Selecting sprinkler packages about more than price (Choice Voice)
(Editor’s note: James Adkins is an irrigation engineer with the University of Delaware, Carvel REC.)
(Jan. 16, 2018) Purchasing the ideal sprinkler for your crop and soil type and irrigation capacities is a critical component of an efficient center pivot system.
Unfortunately, center pivot purchase decisions are often based on price with little regard to whether the type of sprinkler package is appropriate for the operation.
The primary function of an irrigation system is to apply water uniformly in sufficient quantities to meet the crop needs without generating runoff. Uniform application requires that the correct sprinkler be installed at the various positions along the pivot and that the system is operating at the design pressure.

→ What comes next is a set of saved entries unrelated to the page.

lemma ps_first_moment:
  fixes m v :: "'a::euclidean_space"
  assumes d: "DIM('a) \<ge> 2" and m: "norm m = 1" and k: "0 \<le> k"
  shows "(\<integral>x. ps_unnorm k m x * (v \<bullet> x) \<partial>sphere_surface)
    = (v \<bullet> m) * (k / (k + DIM('a) - 1)) * (\<integral>x. ps_unnorm k m x \<partial>sphere_surface)"
proof -
  define w where "w = v - (v \<bullet> m) *\<^sub>R m"
  have wm: "w \<bullet> m = 0"
    using m by (simp add: w_def inner_diff_left norm_eq_1)
  have cont: "continuous_on (sphere 0 1) (ps_unnorm k m)"
    by (rule continuous_on_ps_unnorm_sphere[OF m k])
  have "(\<integral>x. ps_unnorm k m x * (v \<bullet> x) \<partial>sphere_surface)
      = (\<integral>x. (v \<bullet> m) * (ps_unnorm k m x * (m \<bullet> x)) + ps_unnorm k m x * (w \<bullet> x) \<partial>sphere_surface)"
    by (simp add: w_def inner_diff_left algebra_simps)
  also have "\<dots> = (v \<bullet> m) * (\<integral>x. ps_unnorm k m x * (m \<bullet> x) \<partial>sphere_surface)"
    using ps_moment_orthogonal[OF d m wm k]
    by (subst Bochner_Integration.integral_add)
       (auto intro!: integrable_sphere_surface_continuous continuous_intros cont)
  also have "(\<integral>x. ps_unnorm k m x * (m \<bullet> x) \<partial>sphere_surface)
      = k / (k + DIM('a) - 1) * (\<integral>x. ps_unnorm k m x \<partial>sphere_surface)"
  proof -
    have "k + DIM('a) - 1 > 0"
      using d k by simp
    then show ?thesis
      using ps_moment_axial[OF d m k] by (simp add: field_simps)
  qed
  finally show ?thesis
    by simp
qed

section \<open>The divergence\<close>

lemma ps_normalizer_pos:
  assumes m: "norm m = 1" and k: "0 \<le> k"
  shows "(\<integral>x. ps_unnorm k m x \<partial>sphere_surface) > 0"
proof (rule integral_sphere_surface_pos[OF m _ continuous_on_ps_unnorm_sphere[OF m k], where c=1])
  show "0 \<le> ps_unnorm k m x" for x
    by (simp add: ps_unnorm_def)
  show "1 \<le> ps_unnorm k m x" if "m \<bullet> x > 0" for x
    using that k by (auto simp: ps_unnorm_def intro: ge_one_powr_ge_zero)
qed auto

lemma vmf_norm_pos:
  assumes m: "norm m = 1" and k: "0 \<le> k"
  shows "vmf_norm k m > 0"
  unfolding vmf_norm_def
  by (rule integral_sphere_surface_pos[OF m _ _ _ _ zero_less_one]) (use k in \<open>auto intro!: continuous_intros\<close>)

Many center pivot systems were converted in the eighties and nineties from top mounted sprinklers to drop nozzles in an effort to reduce evaporative losses.
This effort was the direct result of research conducted in the Southwest demonstrating a 3 to 6 percent reduction in water lost to evaporation when using 6-foot drop nozzles.

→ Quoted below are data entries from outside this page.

(* If $G$ is a connected graph of order $n$ with minimum degree $\delta(G)\ge (n-2)/3$, then $G$ is detour covered.
   Context: All graphs are finite and simple. A detour of a graph is a longest path in it. A graph is detour covered if every vertex lies in some detour. *)

theory Defs
  imports Main
begin

definition simple_graph :: "'a set \<Rightarrow> ('a \<Rightarrow> 'a \<Rightarrow> bool) \<Rightarrow> bool" where
  "simple_graph V E \<longleftrightarrow> finite V \<and> V \<noteq> {} \<and>
     (\<forall>u v. E u v \<longrightarrow> u \<in> V \<and> v \<in> V) \<and>
     (\<forall>u v. E u v \<longrightarrow> E v u) \<and> (\<forall>v. \<not> E v v)"

definition degree :: "'a set \<Rightarrow> ('a \<Rightarrow> 'a \<Rightarrow> bool) \<Rightarrow> 'a \<Rightarrow> nat" where
  "degree V E v = card {u \<in> V. E v u}"

definition is_path :: "'a set \<Rightarrow> ('a \<Rightarrow> 'a \<Rightarrow> bool) \<Rightarrow> 'a list \<Rightarrow> bool" where
  "is_path V E p \<longleftrightarrow> p \<noteq> [] \<and> set p \<subseteq> V \<and> distinct p \<and>
     (\<forall>i. Suc i < length p \<longrightarrow> E (p ! i) (p ! Suc i))"

definition path_len :: "'a list \<Rightarrow> nat" where
  "path_len p = length p - 1"

definition connected :: "'a set \<Rightarrow> ('a \<Rightarrow> 'a \<Rightarrow> bool) \<Rightarrow> bool" where
  "connected V E \<longleftrightarrow> (\<forall>u\<in>V. \<forall>v\<in>V. \<exists>p. is_path V E p \<and> hd p = u \<and> last p = v)"

definition detour :: "'a set \<Rightarrow> ('a \<Rightarrow> 'a \<Rightarrow> bool) \<Rightarrow> 'a list \<Rightarrow> bool" where
  "detour V E p \<longleftrightarrow> is_path V E p \<and> (\<forall>q. is_path V E q \<longrightarrow> path_len q \<le> path_len p)"

definition detour_covered :: "'a set \<Rightarrow> ('a \<Rightarrow> 'a \<Rightarrow> bool) \<Rightarrow> bool" where
  "detour_covered V E \<longleftrightarrow> (\<forall>v\<in>V. \<exists>p. detour V E p \<and> v \<in> set p)"

end

theory Submission
  imports Defs
begin

(* Let v lie on no detour, let P be a detour and put delta = n div 3, so every degree is at
   least delta and n <= 3 delta + 2.

   A longest path Q through v is shorter than P, hence not spanning. By Posa's argument
   the ends of Q have all their neighbours on Q and no crossing pair of neighbours (it would
   close a cycle on the vertices of Q, which connectivity opens into a longer path), so
   deg (hd Q) + deg (last Q) < |Q| and |P| > |Q| >= 2 delta + 1.

   Now let T be a longest path through v avoiding P. Then |T| <= n - |P| <= delta, and each
   end of T has at least delta + 1 - |T| neighbours on P. As no path through v is as long
   as P, the positions on P of the neighbours of hd T, their successors, and the positions
   two beyond those of the neighbours of last T are pairwise distinct and lie in an
   interval of |P| - 2 |T| positions. Hence 3 (delta + 1 - |T|) <= |P| - 2 |T|, that is
   n >= |P| + |T| >= 3 delta + 3, a contradiction. *)

definition nbr_positions :: "('a \<Rightarrow> 'a \<Rightarrow> bool) \<Rightarrow> 'a list \<Rightarrow> 'a \<Rightarrow> nat set" where
  "nbr_positions E P x = {i. i < length P \<and> E x (P ! i)}"

lemma last_take_Suc: "i < length xs \<Longrightarrow> last (take (Suc i) xs) = xs ! i"
  by (simp add: take_Suc_conv_app_nth)

lemma exists_entry_index:
  assumes "p \<noteq> []" "hd p \<notin> S" "last p \<in> S"
  shows "\<exists>k. Suc k < length p \<and> p ! k \<notin> S \<and> p ! Suc k \<in> S"
proof -
  define k where "k = (LEAST k. p ! k \<in> S)"
  have last_in: "p ! (length p - 1) \<in> S" using assms(1,3) by (simp add: last_conv_nth)
  have kS: "p ! k \<in> S" unfolding k_def using last_in by (rule LeastI)
  have k_le: "k \<le> length p - 1" unfolding k_def using last_in by (rule Least_le)
  have "k \<noteq> 0"
  proof
    assume "k = 0"
    then show False using kS assms(1,2) by (simp add: hd_conv_nth)
  qed
  then obtain j where j: "k = Suc j" using not0_implies_Suc by blast
  have "p ! j \<notin> S" using not_less_Least[of j "\<lambda>k. p ! k \<in> S"] j k_def by simp
  moreover have "Suc j < length p" using k_le j assms(1) by simp
  ultimately show ?thesis using kS j by blast
qed

lemma card_positions_bound:
  fixes I J :: "nat set" and m L :: nat
  assumes "finite I" "finite J" "1 \<le> m"
    and I: "\<And>i. i \<in> I \<Longrightarrow> m < i \<and> Suc i + m < L"
    and J: "\<And>j. j \<in> J \<Longrightarrow> m < j \<and> Suc j + m < L"
    and no_consecutive: "\<And>i. i \<in> I \<Longrightarrow> Suc i \<notin> I"
    and gap: "\<And>i j. i \<in> I \<Longrightarrow> j \<in> J \<Longrightarrow> j < i \<Longrightarrow> Suc j + m < i"
  shows "2 * card I + card J \<le> L - 2 * m"
proof -
  have disj1: "I \<inter> Suc ` I = {}" using no_consecutive by auto
  have disj2: "(I \<union> Suc ` I) \<inter> (\<lambda>j. j + 2) ` J = {}"
  proof -
    have "j + 2 \<notin> I" "j + 1 \<notin> I" if "j \<in> J" for j
      using gap[of "j + 2" j] gap[of "j + 1" j] that assms(3) by auto
    then show ?thesis by auto
  qed
  have "2 * card I + card J = card (I \<union> Suc ` I \<union> (\<lambda>j. j + 2) ` J)"
    using assms(1,2) disj1 disj2 by (simp add: card_Un_disjoint card_image inj_on_def)
  also have "\<dots> \<le> card {Suc m .. L - m}"
  proof (rule card_mono)
    show "I \<union> Suc ` I \<union> (\<lambda>j. j + 2) ` J \<subseteq> {Suc m .. L - m}"
      using I J by force
  qed simp
  finally show ?thesis by simp
qed

context
  fixes V :: "'a set" and E :: "'a \<Rightarrow> 'a \<Rightarrow> bool"
  assumes graph: "simple_graph V E"
begin

lemma finite_V: "finite V"
  using graph by (simp add: simple_graph_def)

lemma edge_in_V: "E u w \<Longrightarrow> u \<in> V \<and> w \<in> V"
  using graph by (simp add: simple_graph_def)

lemma edge_sym: "E u w \<Longrightarrow> E w u"
  using graph by (simp add: simple_graph_def)

lemma no_loop: "\<not> E u u"
  using graph by (simp add: simple_graph_def)

lemma is_path_singleton: "u \<in> V \<Longrightarrow> is_path V E [u]"
  by (simp add: is_path_def)

lemma is_path_append:
  assumes "is_path V E xs" "is_path V E ys" "set xs \<inter> set ys = {}" "E (last xs) (hd ys)"
  shows "is_path V E (xs @ ys)"
  unfolding is_path_def
proof (intro conjI allI impI)
  show "xs @ ys \<noteq> []" "set (xs @ ys) \<subseteq> V" "distinct (xs @ ys)"
    using assms(1-3) by (auto simp: is_path_def)
  fix i assume i: "Suc i < length (xs @ ys)"
  have xs: "xs \<noteq> []" "\<And>i. Suc i < length xs \<Longrightarrow> E (xs ! i) (xs ! Suc i)"
    using assms(1) by (auto simp: is_path_def)
  have ys: "ys \<noteq> []" "\<And>i. Suc i < length ys \<Longrightarrow> E (ys ! i) (ys ! Suc i)"
    using assms(2) by (auto simp: is_path_def)
  consider "Suc i < length xs" | "Suc i = length xs" | "length xs \<le> i" by linarith
  then show "E ((xs @ ys) ! i) ((xs @ ys) ! Suc i)"
  proof cases
    case 1
    then show ?thesis using xs by (simp add: nth_append)
  next
    case 2
    then have "i = length xs - 1" by simp
    then have "(xs @ ys) ! i = last xs" using xs 2 by (simp add: nth_append last_conv_nth)
    moreover have "(xs @ ys) ! Suc i = hd ys" using 2 ys by (simp add: nth_append hd_conv_nth)
    ultimately show ?thesis using assms(4) by simp
  next
    case 3
    then have "Suc i - length xs = Suc (i - length xs)" by simp
    then show ?thesis using 3 i ys by (simp add: nth_append)
  qed
qed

This research was conducted in the high plains of Texas in 20 percent humidity, high winds and extreme heat.
A corn canopy destroys drop nozzle uniformity but this can be overcome by reducing sprinkler spacing. Drop nozzles also add considerable cost to a system, are prone to rust plugging, and require additional maintenance due to goosenecks breaking and leaks.
Once the measured losses are adjusted for the 70-80 percent humidity levels typical in the Mid-Atlantic, the efficiency of a drop nozzle cannot overcome its many disadvantages.
vs. Infiltration Rate
Delmarva sandy soils can have an infiltration rate exceeding 1 inch per hour without runoff.

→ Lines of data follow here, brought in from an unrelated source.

(* For every $\mu\in[\mu_m,\mu_M]$, $$\lim_{x\to\infty}\frac{V^N(x,N,\mu)}{x}=\max\{\hat f(N,\mu),\beta_N(\mu)\}.$$
   Context: Let $(B_t)_{t\ge0}$ be a standard Brownian motion, $\mathbb F^B$ its augmented filtration and $\mathcal T(\mathbb F^B)$ the set of $\mathbb F^B$-stopping times with values in $[0,\infty]$ (terms discounted at $\tau$ are $0$ on $\{\tau=\infty\}$). Fix $\theta>0$, $\alpha\ge0$, $\sigma>0$, $\rho>0$, $\nu\in[0,1]$, $K\in\mathbb R$, $\hat\rho>0$, $0<\mu_m\le\mu_M<\infty$, $\hat\mu\in[\mu_m,\mu_M]$, and assume $\theta-\alpha-\rho-\mu_m<0$. For $x>0$, $X_t=x\exp((\theta-\alpha-\sigma^2/2)t+\sigma B_t)$ solves $dX_t=(\theta-\alpha)X_tdt+\sigma X_tdB_t$, $X_0=x$, and $\mathsf E_x$ is the corresponding expectation. For $\mu\in[\mu_m,\mu_M]$ let $\hat f(N,\mu):=(\hat\rho+\hat\mu)/(\rho+\mu)$, $\beta_N(\mu):=(\alpha+\nu\mu)/(\rho+\mu+\alpha-\theta)$, and $$V^N(x,N,\mu):=\sup_{\tau\in\mathcal T(\mathbb F^B)}\mathsf E_x\Big[\int_0^\tau e^{-(\rho+\mu)t}(\alpha+\nu\mu)X_tdt+e^{-(\rho+\mu)\tau}\hat f(N,\mu)(X_\tau-K)\Big].$$ *)

theory Defs
  imports "HOL-Probability.Probability"
begin

definition std_BM :: "'a measure \<Rightarrow> (real \<Rightarrow> 'a \<Rightarrow> real) \<Rightarrow> bool" where
  "std_BM M B \<longleftrightarrow> prob_space M
     \<and> (\<forall>t\<ge>0. B t \<in> borel_measurable M)
     \<and> (\<forall>\<omega>\<in>space M. B 0 \<omega> = 0 \<and> continuous_on {0..} (\<lambda>t. B t \<omega>))
     \<and> (\<forall>s t. 0 \<le> s \<and> s < t \<longrightarrow>
           distributed M lborel (\<lambda>\<omega>. B t \<omega> - B s \<omega>) (normal_density 0 (sqrt (t - s))))
     \<and> (\<forall>(n::nat) (u::nat \<Rightarrow> real). 0 \<le> u 0 \<and> (\<forall>i<n. u i < u (Suc i)) \<longrightarrow>
           prob_space.indep_vars M (\<lambda>_. borel) (\<lambda>i \<omega>. B (u (Suc i)) \<omega> - B (u i) \<omega>) {..<n})"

As the silt and clay content increases, this infiltration rate can be reduced into the 0.4- to 0.6-inch-per-hour range, with slope further reducing the intake rate.
A typical five-tower center pivot with drop nozzles yielding a 5-foot spray pattern will have an instantaneous application rate in excess of 7 inches per hour in a corn canopy while that same nozzle mounted on top of the system can spray 25 feet in diameter with a net application rate of around 1.5 inches per hour.
Likewise, the wobbler, orbiter and rotator sprinkler types mounted on top can yield 40-foot wetted diameters with last span application rates in the 0.7 to 0.9 inch-per-hour range.
In the words of a wise farmer friend of mine, the farther you can throw the water the better the “soak time.”
In order to minimize any off-target water movement in the field, top-mounted nozzles with a large wetted diameter is advantageous.
An ancillary benefit of sprinklers with large wetted diameters is the potential to increase nozzle spacing without sacrificing uniformity thus increasing the orifice diameter and reducing the potential for plugging.
In an ideal scenario where all of the irrigation system components are operating at design specifications, pressure regulators are not necessary (e.g., constant pressure, constant dynamic well level, static corner state, no elevation change).
But, once one of these factors start to degrade pressure, regulators become very important.
All corner systems need pressure regulators installed to compensate for the drastic change in system operating pressure with the corner span closed (and nozzles off).
The larger the orifice, the greater the effect a change in pressure will have on the total volumetric output.
In other words, a change in system pressure will increase the application rate at the end of the pivot more than at the beginning.
Unfortunately, the end nozzles cover the most area further amplifying the negative effects on uniformity. While I recommend pressure regulators on all systems to ensure uniformity, they are required with wobbler/orbiter/rotator sprinklers.
The cost increase going from the bottom of the line sprinkler package to a pressure regulated high tech sprinkler will run roughly $2,000 extra for a 60-acre system or $1.30 per acre per year over the 20-year lifespan of the sprinkler.
A relatively small investment in a quality sprinkler package can make a measurable benefit in application uniformity and likewise improvement in crop yield.